Task goal: Using the listing below, work out how many lines contain the word "False", and respond with that number alone.

Exercise input:
lemma kemeny_less_iff:
  assumes "in_T n Q" "i \<in> {1..n}" "j \<in> {1..n}" "i \<noteq> j"
  shows "kemeny n Q i < kemeny n Q j \<longleftrightarrow> pairp Q i j > 1/2"
proof -
  have "pairp Q i j + pairp Q j i = 1"
    using pairp_add_pairp_swap[OF in_T_support] assms by blast
  moreover have "pairp Q i j \<noteq> 1/2" using in_T_pairp_neq_half assms by blast
  ultimately have "pairp Q i j > 1/2 \<longleftrightarrow> \<not> pairp Q j i > 1/2" by auto
  then show ?thesis
    using kemeny_less[OF assms(1-3)] kemeny_less[OF assms(1) assms(3,2)] by auto
qed

lemma kemeny_neq:
  assumes "in_T n Q" "i \<in> {1..n}" "j \<in> {1..n}" "i \<noteq> j"
  shows "kemeny n Q i \<noteq> kemeny n Q j"
proof -
  have "pairp Q i j + pairp Q j i = 1"
    using pairp_add_pairp_swap[OF in_T_support] assms by blast
  moreover have "pairp Q i j \<noteq> 1/2" using in_T_pairp_neq_half assms by blast
  ultimately have "pairp Q i j > 1/2 \<or> pairp Q j i > 1/2" by auto
  then show ?thesis
    using kemeny_less[OF assms(1-3)] kemeny_less[OF assms(1) assms(3,2)] by auto
qed

lemma kemeny_in_perms:
  assumes "in_T n Q"
  shows "kemeny n Q \<in> perms n"
proof -
  have maps_to: "kemeny n Q ` {1..n} \<subseteq> {1..n}"
  proof clarify
    fix i assume i: "i \<in> {1..n}"
    have "card {k \<in> {1..n}. k \<noteq> i \<and> pairp Q i k < 1/2} \<le> card ({1..n} - {i})"
      by (rule card_mono) auto
    with i show "kemeny n Q i \<in> {1..n}" unfolding kemeny_def by auto
  qed
  have inj: "inj_on (kemeny n Q) {1..n}"
    using kemeny_neq[OF assms] by (meson inj_onI)
  have "bij_betw (kemeny n Q) {1..n} {1..n}"
    using endo_inj_surj[OF _ maps_to inj] inj by (simp add: bij_betw_def)
  moreover have "kemeny n Q i = i" if "i \<notin> {1..n}" for i
    using that by (auto simp: kemeny_def)
  ultimately show ?thesis unfolding perms_def by (blast intro: bij_imp_permutes)
qed
(* Let $N_1,\dots,N_d$ be positive integers. For any integer $s\ge2$ and any $X\subseteq[N_1]\times\cdots\times[N_d]$, \[ \sum_{\mathbf{b}\in\mathbb{Z}^d\setminus\{\mathbf{0}\}}|U^d(X,\mathbf{b},s)|\le|X|\prod_{i=1}^d\Big(4\frac{N_i}{s}+1\Big). \]
   Context: $[N]=\{1,\dots,N\}$. For $\mathbf{b}\in\mathbb{Z}^d\setminus\{\mathbf{0}\}$, points $\mathbf{x},\mathbf{x}'$ are congruent mod $\mathbf{b}$ if $\mathbf{x}-\mathbf{x}'\in\mathbb{Z}\mathbf{b}$. $U^d(X,\mathbf{b},s)$ is the set of $\mathbf{x}\in X$ such that $|\{\mathbf{x}'\in X:\mathbf{x}'\equiv\mathbf{x}\pmod{\mathbf{b}}\}|\ge s$. *)

theory Defs
  imports "HOL-Analysis.Analysis"
begin

text \<open>Points of Z^d are vectors int^'d, with 'd a finite index type (d = CARD('d)).
  x and x' are congruent mod b if x - x' lies in Z b.\<close>
definition cong_vec :: "int^'d \<Rightarrow> int^'d \<Rightarrow> int^'d \<Rightarrow> bool" where
  "cong_vec b x x' \<longleftrightarrow> (\<exists>k::int. x - x' = k *s b)"

definition U :: "(int^'d) set \<Rightarrow> int^'d \<Rightarrow> nat \<Rightarrow> (int^'d) set" where
  "U X b s = {x \<in> X. card {x' \<in> X. cong_vec b x' x} \<ge> s}"

definition box_grid :: "('d \<Rightarrow> nat) \<Rightarrow> (int^'d) set" where
  "box_grid N = {x. \<forall>i. 1 \<le> x$i \<and> x$i \<le> int (N i)}"

end

theory Submission
  imports Defs
begin

text \<open>If \<open>U(X,b,s)\<close> is nonempty, some line \<open>x + \<int>b\<close> meets \<open>X\<close> in at least \<open>s\<close> points;
  the two extreme ones differ by \<open>k b\<close> with \<open>k \<ge> s - 1\<close>, and both lie in the box, so
  \<open>(s - 1) |b\<^sub>i| \<le> N\<^sub>i - 1\<close> for every \<open>i\<close>. Hence only the
  \<open>\<Prod>\<^sub>i (2 m\<^sub>i + 1)\<close> vectors with \<open>|b\<^sub>i| \<le> m\<^sub>i = \<lfloor>(N\<^sub>i - 1)/(s - 1)\<rfloor>\<close> contribute,
  each term is at most \<open>|X|\<close>, and \<open>2 m\<^sub>i + 1 \<le> 4 N\<^sub>i / s + 1\<close>.\<close>

lemma bij_betw_vec_nth_components:
  "bij_betw vec_nth {x::'a^'n. \<forall>i. x$i \<in> A i} (PiE UNIV A)"
  by (rule bij_betwI[where g = vec_lambda]) auto

lemma card_vec_components:
  "card {x::'a^'n. \<forall>i. x$i \<in> A i} = (\<Prod>i\<in>UNIV. card (A i))"
  using bij_betw_same_card[OF bij_betw_vec_nth_components] by (simp add: card_PiE)

lemma finite_vec_components:
  assumes "\<And>i. finite (A i)"
  shows "finite {x::'a^'n. \<forall>i. x$i \<in> A i}"
  unfolding bij_betw_finite[OF bij_betw_vec_nth_components] using assms by (intro finite_PiE) auto

lemma box_grid_eq: "box_grid N = {x. \<forall>i. x$i \<in> {1..int (N i)}}"
  by (simp add: box_grid_def)

lemma finite_box_grid: "finite (box_grid N)"
  unfolding box_grid_eq by (rule finite_vec_components) simp

lemma box_grid_component_dist:
  assumes "x \<in> box_grid N" and "y \<in> box_grid N"
  shows "\<bar>x$i - y$i\<bar> \<le> int (N i) - 1"
proof -
  have "1 \<le> x$i" "x$i \<le> int (N i)" "1 \<le> y$i" "y$i \<le> int (N i)"
    using assms by (auto simp: box_grid_def)
  then show ?thesis by linarith
qed

lemma inj_line:
  fixes b :: "'a::idom^'n"
  assumes "b \<noteq> 0"
  shows "inj (\<lambda>k. x + k *s b)"
proof
  obtain j where "b$j \<noteq> 0" using assms by (metis vec_eq_iff zero_index)
  fix k l assume "x + k *s b = x + l *s b"
  then have "k * b$j = l * b$j" by (metis add_left_cancel vector_smult_component)
  with \<open>b$j \<noteq> 0\<close> show "k = l" by simp
qed

lemma cong_class_eq_line:
  "{x' \<in> X. cong_vec b x' x} = (\<lambda>k. x + k *s b) ` ((\<lambda>k. x + k *s b) -` X)"
  by (force simp: cong_vec_def algebra_simps)

lemma finite_int_set_spread:
  fixes K :: "int set"
  assumes "finite K" and "card K \<ge> n" and "n \<ge> 1"
  obtains k l where "k \<in> K" "l \<in> K" "int n - 1 \<le> l - k"
proof
  have "K \<noteq> {}" using assms by auto
  then show "Min K \<in> K" "Max K \<in> K" using \<open>finite K\<close> by simp_all
  then have "Min K \<le> Max K" using \<open>finite K\<close> by simp
  have "K \<subseteq> {Min K..Max K}" using \<open>finite K\<close> by auto
  then have "n \<le> card {Min K..Max K}" using assms(2) card_mono[of "{Min K..Max K}" K] by simp
  then show "int n - 1 \<le> Max K - Min K" using \<open>Min K \<le> Max K\<close> by simp
qed

lemma U_nonempty_coord_bound:
  fixes X :: "(int^'d) set"
  assumes "s \<ge> 1" and "X \<subseteq> box_grid N" and "b \<noteq> 0" and "x \<in> U X b s"
  shows "(int s - 1) * \<bar>b$i\<bar> \<le> int (N i) - 1"
proof -
  define K where "K = (\<lambda>k. x + k *s b) -` X"
  have "finite X" using assms(2) finite_box_grid finite_subset by blast
  then have "finite K" unfolding K_def using inj_line[OF \<open>b \<noteq> 0\<close>] by (simp add: finite_vimageI)
  have "s \<le> card {x' \<in> X. cong_vec b x' x}" using assms(4) by (simp add: U_def)
  also have "\<dots> = card K"
    unfolding cong_class_eq_line K_def
    by (rule card_image, rule inj_on_subset[OF inj_line[OF \<open>b \<noteq> 0\<close>]]) simp
  finally obtain k l where "k \<in> K" "l \<in> K" and spread: "int s - 1 \<le> l - k"
    using finite_int_set_spread \<open>finite K\<close> assms(1) by blast
  then have "x + l *s b \<in> box_grid N" "x + k *s b \<in> box_grid N"
    using assms(2) unfolding K_def by auto
  from box_grid_component_dist[OF this, of i]
  have "\<bar>(l - k) * b$i\<bar> \<le> int (N i) - 1" by (simp add: algebra_simps)
  moreover have "(int s - 1) * \<bar>b$i\<bar> \<le> (l - k) * \<bar>b$i\<bar>"
    using spread by (intro mult_right_mono) auto
  ultimately show ?thesis using spread assms(1) by (simp add: abs_mult)
qed

definition coord_bound :: "nat \<Rightarrow> nat \<Rightarrow> int" where
  "coord_bound n s = (int n - 1) div (int s - 1)"

lemma abs_le_coord_bound:
  assumes "s \<ge> 2" and "(int s - 1) * \<bar>c\<bar> \<le> int n - 1"
  shows "\<bar>c\<bar> \<le> coord_bound n s"
proof -
  have "\<bar>c\<bar> = ((int s - 1) * \<bar>c\<bar>) div (int s - 1)" using assms(1) by simp
  also have "\<dots> \<le> coord_bound n s" unfolding coord_bound_def using assms by (intro zdiv_mono1) auto
  finally show ?thesis .
qed

lemma coord_bound_times_le: "s \<ge> 2 \<Longrightarrow> coord_bound n s * int s \<le> 2 * int n"
proof -
  assume "s \<ge> 2"
  define m where "m = coord_bound n s"
  have "m * (int s - 1) \<le> int n - 1" unfolding m_def coord_bound_def
    using div_mult_mod_eq[of "int n - 1" "int s - 1"] pos_mod_sign[of "int s - 1" "int n - 1"] \<open>s \<ge> 2\<close>
    by linarith
  show "m * int s \<le> 2 * int n"
  proof (cases "m \<ge> 0")
    case True
    then have "m \<le> m * (int s - 1)" using mult_left_mono[of 1 "int s - 1" m] \<open>s \<ge> 2\<close> by simp
    moreover have "m * int s = m * (int s - 1) + m" by (simp add: algebra_simps)
    ultimately show ?thesis using \<open>m * (int s - 1) \<le> int n - 1\<close> by linarith
  next
    case False
    then have "m * int s \<le> 0" by (simp add: mult_nonpos_nonneg)
    then show ?thesis by simp
  qed
qed

lemma card_coord_bound_interval_le:
  assumes "s \<ge> 2"
  shows "real (card {-coord_bound n s..coord_bound n s}) \<le> 4 * real n / real s + 1"
proof (cases "coord_bound n s < 0")
  case True
  then show ?thesis by simp
next
  case False
  have "real_of_int (coord_bound n s * int s) \<le> real_of_int (2 * int n)"
    using coord_bound_times_le[OF assms] by (simp only: of_int_le_iff)
  then have "real_of_int (coord_bound n s) \<le> 2 * real n / real s"
    using assms by (simp add: pos_le_divide_eq)
  then show ?thesis using False by simp
qed

lemma card_coord_bound_box_le:
  assumes "s \<ge> 2"
  shows "real (card {b::int^'d. \<forall>i. b$i \<in> {-coord_bound (N i) s..coord_bound (N i) s}})
    \<le> (\<Prod>i\<in>UNIV. 4 * real (N i) / real s + 1)"
  unfolding card_vec_components of_nat_prod
  using assms by (intro prod_mono conjI card_coord_bound_interval_le) simp_all

lemma moduli_subset_coord_bound_box:
  assumes "s \<ge> 2" and "X \<subseteq> box_grid N"
  shows "{b. b \<noteq> 0 \<and> U X b s \<noteq> {}}
    \<subseteq> {b. \<forall>i. b$i \<in> {-coord_bound (N i) s..coord_bound (N i) s}}"
proof
  fix b assume "b \<in> {b. b \<noteq> 0 \<and> U X b s \<noteq> {}}"
  then obtain x where "b \<noteq> 0" "x \<in> U X b s" by blast
  then have bound: "\<bar>b$i\<bar> \<le> coord_bound (N i) s" for i
    using assms by (intro abs_le_coord_bound U_nonempty_coord_bound) auto
  have "b$i \<in> {-coord_bound (N i) s..coord_bound (N i) s}" for i
    using bound[of i] unfolding atLeastAtMost_iff by linarith
  then show "b \<in> {b. \<forall>i. b$i \<in> {-coord_bound (N i) s..coord_bound (N i) s}}" by blast
qed

theorem lemma2p3:
  fixes N :: "'d::finite \<Rightarrow> nat" and X :: "(int^'d) set" and s :: nat
  assumes "\<forall>i. N i > 0" and "s \<ge> 2" and "X \<subseteq> box_grid N"
  shows "finite {b. b \<noteq> 0 \<and> U X b s \<noteq> {}} \<and>
    real (\<Sum>b\<in>{b. b \<noteq> 0 \<and> U X b s \<noteq> {}}. card (U X b s))
      \<le> real (card X) * (\<Prod>i\<in>UNIV. 4 * real (N i) / real s + 1)"
proof -
  define B :: "(int^'d) set" where "B = {b. \<forall>i. b$i \<in> {-coord_bound (N i) s..coord_bound (N i) s}}"
  define S where "S = {b. b \<noteq> 0 \<and> U X b s \<noteq> {}}"
  have "S \<subseteq> B" unfolding S_def B_def by (rule moduli_subset_coord_bound_box[OF assms(2,3)])
  moreover have "finite B" unfolding B_def by (rule finite_vec_components) simp
  ultimately have "finite S" by (rule finite_subset)
  have "finite X" using assms(3) finite_box_grid finite_subset by blast
  have "(\<Sum>b\<in>S. card (U X b s)) \<le> (\<Sum>b\<in>S. card X)"
    using \<open>finite X\<close> by (intro sum_mono card_mono) (auto simp: U_def)
  also have "\<dots> \<le> card X * card B"
    using \<open>S \<subseteq> B\<close> \<open>finite B\<close> by (simp add: card_mono)
  finally have "real (\<Sum>b\<in>S. card (U X b s)) \<le> real (card X) * real (card B)"
    by (simp only: of_nat_le_iff flip: of_nat_mult)
  also have "\<dots> \<le> real (card X) * (\<Prod>i\<in>UNIV. 4 * real (N i) / real s + 1)"
    unfolding B_def using assms(2) by (intro mult_left_mono card_coord_bound_box_le) auto
  finally show ?thesis using \<open>finite S\<close> unfolding S_def by simp
qed

end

Exercise result: 3